Define two random variables $X (ω) = \sin \frac{πω}{2}$ and $Y (ω) = \cos \frac{πω}{2}$.

Find distributions and distribution functions of the random variables X and Y.

Compute P({ω ∈ Ω : X(ω) = Y(ω)}).

The range of $X$ and $Y$ are $\{-1,0,1\}$ and $\{-1,0,1\}$ respectively.

Thus $X$ and $Y$ are discrete random variables. We can specify the distribution of $X$ and $Y$ using the probability mass functions.

  • PMF of $X$

The mapping $X:\Omega\to\mathbb{R}$ is given by

  • $0\mapsto\sin 0=0 $
  • $1\mapsto\sin(\pi/2)=1$
  • $2\mapsto\sin(\pi)=0$
  • $3\mapsto\sin(3\pi/2)=-1$.

We can now find the PMF of $X$ as follows.
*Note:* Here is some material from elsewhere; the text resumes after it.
(* Let $m,n$ be positive integers with at least one of $m,n$ greater than $1$. The pseudograph $\mathcal{K}_{m,n}$ admits a cylindrical knight's tour if and only if neither of the following holds: (i) $m=2$ and $n=2$; (ii) $m$ is odd and $n$ is even.
   Context: Let $\mathcal{P}$ be the graph with vertex set $\mathbb{Z}^2$ in which $(a,b)$ and $(a',b')$ are adjacent iff $\{|a-a'|,|b-b'|\}=\{1,2\}$. For positive integers $m,n$ let $G$ be the group of automorphisms of $\mathcal{P}$ generated by $\tau(a,b)=(a+m,b)$ and $\sigma(a,b)=(m-1-a,\,b+n)$; it acts freely, and the knight's pseudograph of the $m\times n$ Klein bottle board is $\mathcal{K}_{m,n}=\mathcal{P}/G$ (vertices and edges are orbits; multiple edges and loops may occur), with covering map $\phi_K:\mathcal{P}\to\mathcal{K}_{m,n}$. A knight's tour is a closed walk visiting every vertex exactly once apart from the repeated start/end vertex (a Hamiltonian cycle). Regard a tour as a closed walk starting and ending at vertex $(0,0)$; it lifts uniquely to a walk in $\mathcal{P}$ starting at $(0,0)$. The tour is cylindrical if this lift ends at $(m,0)$ or $(-m,0)$ (equivalently, its homotopy class is the image of a generator of the fundamental group of the cylinder obtained by identifying only the left and right sides of the board). *)

theory Defs
  imports Main
begin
For any $x\in\mathbb{R}$, we have $\mathbb{P}(X=x)=\mathbb{P}(\{\omega\in\Omega:X(w)=x\})$. Thus $\mathbb{P}(X=-1)=\mathbb{P}(\{3\})=\dfrac{1}{4}$ $\mathbb{P}(X=0)=\mathbb{P}(\{0,2\})=\dfrac{2}{4}$ $\mathbb{P}(X=1)=\mathbb{P}(\{1\})=\dfrac{1}{4}$

In other words, the distribution, PMF, of $X$ is a function $f_X:\mathbb{R}\to\mathbb{R}$ given by $$f_X(x)=\begin{cases}\dfrac{1}{4} &\quad\text{ if }x=-1,1\\ \dfrac{2}{4} &\quad\text{ if }x=0 \\ 0 &\quad\text{ otherwise}\\\end{cases}$$

  • PMF of $Y$

The distribution, PMF, of $Y$ is a function $f_Y:\mathbb{R}\to\mathbb{R}$ given by
$$f_Y(y)=\begin{cases}\dfrac{1}{4} &\quad\text{ if }y=-1,1\\ \dfrac{2}{4} &\quad\text{ if }y=0 \\ 0 &\quad\text{ otherwise}\\\end{cases}$$

  • To find $\mathbb{P}(X=Y)$

How to do this?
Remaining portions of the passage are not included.